Stored items
(* For any $d$-dimensional Fano simplex $\Delta$ of Gorenstein index $g$, the number $g^{d-1}\lambda(\Delta^* )$ is an integer.
   Context: A Fano simplex is a full-dimensional simplex in $\mathbb{Q}^d$ with primitive vertices in $\mathbb{Z}^d$ and the origin in its interior. Its dual is $\Delta^*=\{u:\langle u,v\rangle\ge-1\ \forall v\in\Delta\}$. The Gorenstein index of a Fano simplex is the least $g\ge1$ such that $g\Delta^*$ has integral vertices. For an IP simplex (origin in the interior) with vertices $v_0,\dots,v_d$, the weight system is $Q=(q_0,\dots,q_d)$, $q_i=|\det(v_j:j\neq i)|$, and the factor $\lambda$ is the unique positive rational with $Q=\lambda Q'$, $Q'$ positive integers with $\gcd 1$. *)

theory Defs
  imports "HOL-Analysis.Analysis"
begin

text \<open>Points of Q^d are modelled in real^'n with d = CARD('n).\<close>

definition integral_pt :: "real^'n \<Rightarrow> bool" where
  "integral_pt v \<longleftrightarrow> (\<forall>i. v $ i \<in> \<int>)"

definition primitive_pt :: "real^'n \<Rightarrow> bool" where
  "primitive_pt v \<longleftrightarrow> integral_pt v \<and> v \<noteq> 0 \<and>
     (\<forall>k::int. k > 0 \<longrightarrow> integral_pt ((1 / real_of_int k) *\<^sub>R v) \<longrightarrow> k = 1)"

definition full_simplex_vertices :: "(real^'n) set \<Rightarrow> bool" where
  "full_simplex_vertices V \<longleftrightarrow> finite V \<and> card V = CARD('n) + 1 \<and> \<not> affine_dependent V"

definition fano_simplex :: "(real^'n) set \<Rightarrow> bool" where
  "fano_simplex V \<longleftrightarrow> full_simplex_vertices V \<and> (\<forall>v\<in>V. primitive_pt v)
      \<and> 0 \<in> interior (convex hull V)"

definition dual_poly :: "(real^'n) set \<Rightarrow> (real^'n) set" where
  "dual_poly P = {u. \<forall>v\<in>P. inner u v \<ge> -1}"

definition vertices :: "(real^'n) set \<Rightarrow> (real^'n) set" where
  "vertices P = {x. x extreme_point_of P}"

definition gorenstein_index :: "(real^'n) set \<Rightarrow> nat" where
  "gorenstein_index P = (LEAST g::nat. g \<ge> 1 \<and>
      (\<forall>x \<in> vertices ((\<lambda>u. real g *\<^sub>R u) ` dual_poly P). integral_pt x))"

text \<open>Weight q_w of vertex w of a simplex with vertex set W: absolute value of the
  determinant of the matrix whose columns are the other vertices (independent of their order).\<close>
definition weight :: "(real^'n) set \<Rightarrow> real^'n \<Rightarrow> real" where
  "weight W w = (let f = (SOME f :: 'n \<Rightarrow> real^'n. bij_betw f UNIV (W - {w}))
                 in \<bar>det (\<chi> i j. f j $ i)\<bar>)"

definition weight_factor :: "(real^'n) set \<Rightarrow> real" where
  "weight_factor W = (THE l. l > 0 \<and> l \<in> \<rat> \<and>
      (\<exists>Q' :: real^'n \<Rightarrow> int. (\<forall>w\<in>W. Q' w > 0 \<and> weight W w = l * real_of_int (Q' w))
            \<and> Gcd (Q' ` W) = 1))"

end

theory Submission
  imports Defs
begin
lemma pred_infinite_countable:
  assumes "countable X" "\<And>x. x \<in> X \<Longrightarrow> Measurable.pred M (\<lambda>\<omega>. P \<omega> x)"
  shows "Measurable.pred M (\<lambda>\<omega>. infinite {x \<in> X. P \<omega> x})"
proof -
  have "infinite {x \<in> X. P \<omega> x} \<longleftrightarrow> (\<forall>n. \<exists>x\<in>X. n \<le> to_nat_on X x \<and> P \<omega> x)" for \<omega>
    using infinite_iff_to_nat_on_unbounded[OF assms(1), of "{x \<in> X. P \<omega> x}"] by auto
  then show ?thesis
    using assms by (simp add: pred_intros_countable(1) pred_Bex_countable)
qed

lemma pred_face_open:
  assumes "Q \<in> faces m"
  shows "Measurable.pred (face_perc m p) (\<lambda>\<omega>. \<omega> Q)"
proof -
  have "(\<lambda>\<omega>. \<omega> Q) \<in> face_perc m p \<rightarrow>\<^sub>M measure_pmf (bernoulli_pmf p)"
    unfolding face_perc_def using assms by (rule measurable_component_singleton)
  then show ?thesis
    by (simp add: measurable_cong_sets)
qed

lemma pred_open_adj: "Measurable.pred (face_perc m p) (\<lambda>\<omega>. open_adj m \<omega> Q Q')"
  unfolding open_adj_def using pred_face_open by (cases "Q \<in> faces m \<and> Q' \<in> faces m") auto

lemma cluster_Q0_eq:
  "cluster m \<omega> (Q0 m) = {Q \<in> faces m. \<omega> (Q0 m) \<and> \<omega> Q \<and> (open_adj m \<omega>)\<^sup>*\<^sup>* (Q0 m) Q}"
  unfolding cluster_def using Q0_faces by auto

lemma sets_infinite_cluster:
  "{\<omega> \<in> space (face_perc m p). infinite (cluster m \<omega> (Q0 m))} \<in> sets (face_perc m p)"
proof -
  have "Measurable.pred (face_perc m p) (\<lambda>\<omega>. (open_adj m \<omega>)\<^sup>*\<^sup>* (Q0 m) Q)" for Q
    by (rule pred_rtranclp_countable[OF countable_faces[of m] _ pred_open_adj]) (simp add: open_adj_def)
  then have "Measurable.pred (face_perc m p) (\<lambda>\<omega>. infinite (cluster m \<omega> (Q0 m)))"
    unfolding cluster_Q0_eq using countable_faces
    by (intro pred_infinite_countable) (auto intro!: pred_intros_logic(3) pred_face_open Q0_faces)
  then show ?thesis
    by (simp add: pred_def)
qed

lemma cluster_faces: "cluster m \<omega> Q \<subseteq> faces m"
  unfolding cluster_def by auto

lemma rtranclp_open_adj_prism:
  assumes "2 \<le> d" "(open_adj d (\<lambda>Q\<in>faces d. \<omega> (prism d Q)))\<^sup>*\<^sup>* Q Q'"
  shows "(open_adj (Suc d) \<omega>)\<^sup>*\<^sup>* (prism d Q) (prism d Q')"
  using assms(2)
proof (induction rule: rtranclp_induct)
  case base
  show ?case by simp
next
  case (step Q' Q'')
  then have "open_adj (Suc d) \<omega> (prism d Q') (prism d Q'')"
    using assms(1) prism_faces adjacent_prism unfolding open_adj_def by auto
  with step.IH show ?case by (rule rtranclp.rtrancl_into_rtrancl)
qed

lemma prism_cluster_subset:
  assumes "2 \<le> d"
  shows "prism d ` cluster d (\<lambda>Q\<in>faces d. \<omega> (prism d Q)) (Q0 d)
           \<subseteq> cluster (Suc d) \<omega> (Q0 (Suc d))"
proof
  fix Q' assume "Q' \<in> prism d ` cluster d (\<lambda>Q\<in>faces d. \<omega> (prism d Q)) (Q0 d)"
  then obtain Q where Q: "Q' = prism d Q" "Q \<in> cluster d (\<lambda>Q\<in>faces d. \<omega> (prism d Q)) (Q0 d)"
    by blast
  then have "Q \<in> faces d" "\<omega> (prism d (Q0 d))" "\<omega> (prism d Q)"
    "(open_adj (Suc d) \<omega>)\<^sup>*\<^sup>* (prism d (Q0 d)) (prism d Q)"
    using Q0_faces rtranclp_open_adj_prism[OF assms] unfolding cluster_def by auto
  with Q(1) show "Q' \<in> cluster (Suc d) \<omega> (Q0 (Suc d))"
    using assms prism_faces prism_Q0 Q0_faces unfolding cluster_def by auto
qed
(* Let $A$ be an associative algebra and $M$ an $A$-bimodule. A collection $\{ T_\alpha : M \to A \}_{\alpha \in \Omega}$ of linear maps is an $\mathcal{O}$-operator family if and only if the collection $\{ \widehat{T}_\alpha : A \oplus M \to A \oplus M \}_{\alpha \in \Omega}$, $\widehat{T}_\alpha(a,u)=(T_\alpha(u),0)$, is a Nijenhuis family on the semidirect product algebra $A \ltimes M$.
   Context: $\Omega$ is a semigroup. An $\mathcal{O}$-operator family is a collection of linear maps $T_\alpha:M\to A$ with $T_\alpha(u) \cdot T_\beta(v) = T_{\alpha\beta}(T_\alpha(u) \cdot v + u \cdot T_\beta(v))$ for all $u,v,\alpha,\beta$. A Nijenhuis family on an algebra $B$ is a collection of linear maps $N_\alpha:B\to B$ with $N_\alpha(x) N_\beta(y) = N_{\alpha \beta} ( N_\alpha (x) y + x N_\beta(y) - N_{\alpha \beta}(x y))$. $A\ltimes M$ is $A\oplus M$ with product $(a, u) \star (b, v) = (a \cdot b, a \cdot v + u \cdot b)$. *)

theory Defs
  imports Complex_Main "HOL-Library.Product_Plus"
begin

definition assoc_algebra :: "('k::field \<Rightarrow> 'a::ring \<Rightarrow> 'a) \<Rightarrow> bool" where
  "assoc_algebra sA \<longleftrightarrow> vector_space sA \<and>
     (\<forall>c x y. sA c (x * y) = sA c x * y \<and> sA c (x * y) = x * sA c y)"

definition bimodule ::
  "('k::field \<Rightarrow> 'a::ring \<Rightarrow> 'a) \<Rightarrow> ('k \<Rightarrow> 'm::ab_group_add \<Rightarrow> 'm) \<Rightarrow>
   ('a \<Rightarrow> 'm \<Rightarrow> 'm) \<Rightarrow> ('m \<Rightarrow> 'a \<Rightarrow> 'm) \<Rightarrow> bool" where
  "bimodule sA sM l r \<longleftrightarrow> vector_space sM \<and>
     (\<forall>a b u. l (a + b) u = l a u + l b u) \<and>
     (\<forall>a u v. l a (u + v) = l a u + l a v) \<and>
     (\<forall>u v a. r (u + v) a = r u a + r v a) \<and>
     (\<forall>u a b. r u (a + b) = r u a + r u b) \<and>
     (\<forall>c a u. l (sA c a) u = sM c (l a u) \<and> l a (sM c u) = sM c (l a u)) \<and>
     (\<forall>c u a. r (sM c u) a = sM c (r u a) \<and> r u (sA c a) = sM c (r u a)) \<and>
     (\<forall>a b u. l (a * b) u = l a (l b u)) \<and>
     (\<forall>u a b. r (r u a) b = r u (a * b)) \<and>
     (\<forall>a u b. l a (r u b) = r (l a u) b)"

definition O_operator_family ::
  "('k::field \<Rightarrow> 'a::ring \<Rightarrow> 'a) \<Rightarrow> ('k \<Rightarrow> 'm::ab_group_add \<Rightarrow> 'm) \<Rightarrow>
   ('a \<Rightarrow> 'm \<Rightarrow> 'm) \<Rightarrow> ('m \<Rightarrow> 'a \<Rightarrow> 'm) \<Rightarrow> ('g::semigroup_mult \<Rightarrow> 'm \<Rightarrow> 'a) \<Rightarrow> bool" where
  "O_operator_family sA sM l r T \<longleftrightarrow>
     (\<forall>\<alpha>. Vector_Spaces.linear sM sA (T \<alpha>)) \<and>
     (\<forall>\<alpha> \<beta> u v. T \<alpha> u * T \<beta> v = T (\<alpha> * \<beta>) (l (T \<alpha> u) v + r u (T \<beta> v)))"

definition Nijenhuis_family ::
  "('k::field \<Rightarrow> 'b::ab_group_add \<Rightarrow> 'b) \<Rightarrow> ('b \<Rightarrow> 'b \<Rightarrow> 'b) \<Rightarrow>
   ('g::semigroup_mult \<Rightarrow> 'b \<Rightarrow> 'b) \<Rightarrow> bool" where
  "Nijenhuis_family s mult N \<longleftrightarrow>
     (\<forall>\<alpha>. Vector_Spaces.linear s s (N \<alpha>)) \<and>
     (\<forall>\<alpha> \<beta> x y. mult (N \<alpha> x) (N \<beta> y) =
        N (\<alpha> * \<beta>) (mult (N \<alpha> x) y + mult x (N \<beta> y) - N (\<alpha> * \<beta>) (mult x y)))"

definition sd_scale :: "('k \<Rightarrow> 'a \<Rightarrow> 'a) \<Rightarrow> ('k \<Rightarrow> 'm \<Rightarrow> 'm) \<Rightarrow> 'k \<Rightarrow> 'a \<times> 'm \<Rightarrow> 'a \<times> 'm" where
  "sd_scale sA sM c p = (sA c (fst p), sM c (snd p))"

definition sd_mult :: "('a \<Rightarrow> 'm \<Rightarrow> 'm) \<Rightarrow> ('m \<Rightarrow> 'a \<Rightarrow> 'm) \<Rightarrow>
    ('a::ring) \<times> ('m::ab_group_add) \<Rightarrow> 'a \<times> 'm \<Rightarrow> 'a \<times> 'm" where
  "sd_mult l r p q = (fst p * fst q, l (fst p) (snd q) + r (snd p) (fst q))"

definition hat :: "('g \<Rightarrow> 'm \<Rightarrow> 'a) \<Rightarrow> 'g \<Rightarrow> ('a::zero) \<times> ('m::zero) \<Rightarrow> 'a \<times> 'm" where
  "hat T \<alpha> p = (T \<alpha> (snd p), 0)"

end

theory Submission
  imports Defs
begin

text \<open>Since \<open>hat T\<close> kills the \<open>A\<close>-component and lands in \<open>A \<oplus> 0\<close>, in the Nijenhuis identity
  for \<open>hat T\<close> only the \<open>M\<close>-components of the arguments survive, the correction term
  \<open>N\<^sub>\<alpha>\<^sub>\<beta>(x y)\<close> disappears, and the identity collapses to the \<open>\<O>\<close>-operator identity for \<open>T\<close>.\<close>

lemma vector_space_sd_scale:
  assumes "vector_space sA" and "vector_space sM"
  shows "vector_space (sd_scale sA sM)"
proof -
  interpret A: vector_space sA by fact
  interpret M: vector_space sM by fact
  show ?thesis
    by unfold_locales
      (auto simp: sd_scale_def A.scale_right_distrib M.scale_right_distrib
        A.scale_left_distrib M.scale_left_distrib)
qed

lemma linear_hat:
  fixes T :: "'g \<Rightarrow> 'm::ab_group_add \<Rightarrow> 'a::ab_group_add"
  assumes "vector_space sA" and "vector_space sM"
    and "Vector_Spaces.linear sM sA (T \<alpha>)"
  shows "Vector_Spaces.linear (sd_scale sA sM) (sd_scale sA sM) (hat T \<alpha>)"
proof -
  interpret A: vector_space sA by fact
  interpret M: vector_space sM by fact
  interpret T: module_hom sM sA "T \<alpha>"
    using assms(3) by (simp add: Vector_Spaces.linear_def)
  show ?thesis
    unfolding Vector_Spaces.linear_def
  proof (intro conjI vector_space_sd_scale assms(1,2))
    show "module_hom (sd_scale sA sM) (sd_scale sA sM) (hat T \<alpha>)"
      by unfold_locales
        (auto simp: hat_def sd_scale_def T.add T.scale A.scale_right_distrib
          M.scale_right_distrib A.scale_left_distrib M.scale_left_distrib)
  qed
qed

lemma bimodule_left_action_zero:
  assumes "bimodule sA sM l r"
  shows "l a 0 = 0"
proof -
  have "\<forall>a u v. l a (u + v) = l a u + l a v"
    using assms by (simp add: bimodule_def)
  then have "l a (0 + 0) = l a 0 + l a 0" by blast
  then show ?thesis by simp
qed

lemma bimodule_right_action_zero:
  assumes "bimodule sA sM l r"
  shows "r 0 a = 0"
proof -
  have "\<forall>u v a. r (u + v) a = r u a + r v a"
    using assms by (simp add: bimodule_def)
  then have "r (0 + 0) a = r 0 a + r 0 a" by blast
  then show ?thesis by simp
qed

lemma Nijenhuis_identity_hat_iff:
  assumes "\<And>a. l a 0 = 0" and "\<And>a. r 0 a = 0"
  shows "sd_mult l r (hat T \<alpha> x) (hat T \<beta> y) =
      hat T (\<alpha> * \<beta>) (sd_mult l r (hat T \<alpha> x) y + sd_mult l r x (hat T \<beta> y)
        - hat T (\<alpha> * \<beta>) (sd_mult l r x y))
    \<longleftrightarrow> T \<alpha> (snd x) * T \<beta> (snd y) =
      T (\<alpha> * \<beta>) (l (T \<alpha> (snd x)) (snd y) + r (snd x) (T \<beta> (snd y)))"
  by (simp add: hat_def sd_mult_def assms)

theorem proposition2p11:
  fixes sA :: "'k::field \<Rightarrow> 'a::ring \<Rightarrow> 'a"
    and sM :: "'k \<Rightarrow> 'm::ab_group_add \<Rightarrow> 'm"
    and l :: "'a \<Rightarrow> 'm \<Rightarrow> 'm" and r :: "'m \<Rightarrow> 'a \<Rightarrow> 'm"
    and T :: "'g::semigroup_mult \<Rightarrow> 'm \<Rightarrow> 'a"
  assumes "assoc_algebra sA"
    and "bimodule sA sM l r"
    and "\<And>\<alpha>. Vector_Spaces.linear sM sA (T \<alpha>)"
  shows "O_operator_family sA sM l r T \<longleftrightarrow>
         Nijenhuis_family (sd_scale sA sM) (sd_mult l r) (hat T)"
proof -
  have "vector_space sA" using assms(1) by (simp add: assoc_algebra_def)
  moreover have "vector_space sM" using assms(2) by (simp add: bimodule_def)
  ultimately have linear: "\<And>\<alpha>. Vector_Spaces.linear (sd_scale sA sM) (sd_scale sA sM) (hat T \<alpha>)"
    using linear_hat assms(3) by metis
  note identity_iff = Nijenhuis_identity_hat_iff[of l r,
      OF bimodule_left_action_zero[OF assms(2)] bimodule_right_action_zero[OF assms(2)]]
  show ?thesis
    unfolding O_operator_family_def Nijenhuis_family_def
  proof (intro iffI conjI allI linear assms(3))
    fix \<alpha> \<beta> x y
    assume "(\<forall>\<alpha>. Vector_Spaces.linear sM sA (T \<alpha>)) \<and>
      (\<forall>\<alpha> \<beta> u v. T \<alpha> u * T \<beta> v = T (\<alpha> * \<beta>) (l (T \<alpha> u) v + r u (T \<beta> v)))"
    then show "sd_mult l r (hat T \<alpha> x) (hat T \<beta> y) =
        hat T (\<alpha> * \<beta>) (sd_mult l r (hat T \<alpha> x) y + sd_mult l r x (hat T \<beta> y)
          - hat T (\<alpha> * \<beta>) (sd_mult l r x y))"
      using identity_iff by blast
  next
    fix \<alpha> \<beta> u v
    assume "(\<forall>\<alpha>. Vector_Spaces.linear (sd_scale sA sM) (sd_scale sA sM) (hat T \<alpha>)) \<and>
      (\<forall>\<alpha> \<beta> x y. sd_mult l r (hat T \<alpha> x) (hat T \<beta> y) =
        hat T (\<alpha> * \<beta>) (sd_mult l r (hat T \<alpha> x) y + sd_mult l r x (hat T \<beta> y)
          - hat T (\<alpha> * \<beta>) (sd_mult l r x y)))"
    then show "T \<alpha> u * T \<beta> v = T (\<alpha> * \<beta>) (l (T \<alpha> u) v + r u (T \<beta> v))"
      using identity_iff[where x = "(0, u)" and y = "(0, v)", unfolded snd_conv] by blast
  qed
qed

end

* _Activity_: Return only the lines above that run from the opening line through the line containing "v \<noteq> 0 \<and>", exactly as written.

* _Task output_:
(* For any $d$-dimensional Fano simplex $\Delta$ of Gorenstein index $g$, the number $g^{d-1}\lambda(\Delta^* )$ is an integer.
   Context: A Fano simplex is a full-dimensional simplex in $\mathbb{Q}^d$ with primitive vertices in $\mathbb{Z}^d$ and the origin in its interior. Its dual is $\Delta^*=\{u:\langle u,v\rangle\ge-1\ \forall v\in\Delta\}$. The Gorenstein index of a Fano simplex is the least $g\ge1$ such that $g\Delta^*$ has integral vertices. For an IP simplex (origin in the interior) with vertices $v_0,\dots,v_d$, the weight system is $Q=(q_0,\dots,q_d)$, $q_i=|\det(v_j:j\neq i)|$, and the factor $\lambda$ is the unique positive rational with $Q=\lambda Q'$, $Q'$ positive integers with $\gcd 1$. *)

theory Defs
  imports "HOL-Analysis.Analysis"
begin

text \<open>Points of Q^d are modelled in real^'n with d = CARD('n).\<close>

definition integral_pt :: "real^'n \<Rightarrow> bool" where
  "integral_pt v \<longleftrightarrow> (\<forall>i. v $ i \<in> \<int>)"

definition primitive_pt :: "real^'n \<Rightarrow> bool" where
  "primitive_pt v \<longleftrightarrow> integral_pt v \<and> v \<noteq> 0 \<and>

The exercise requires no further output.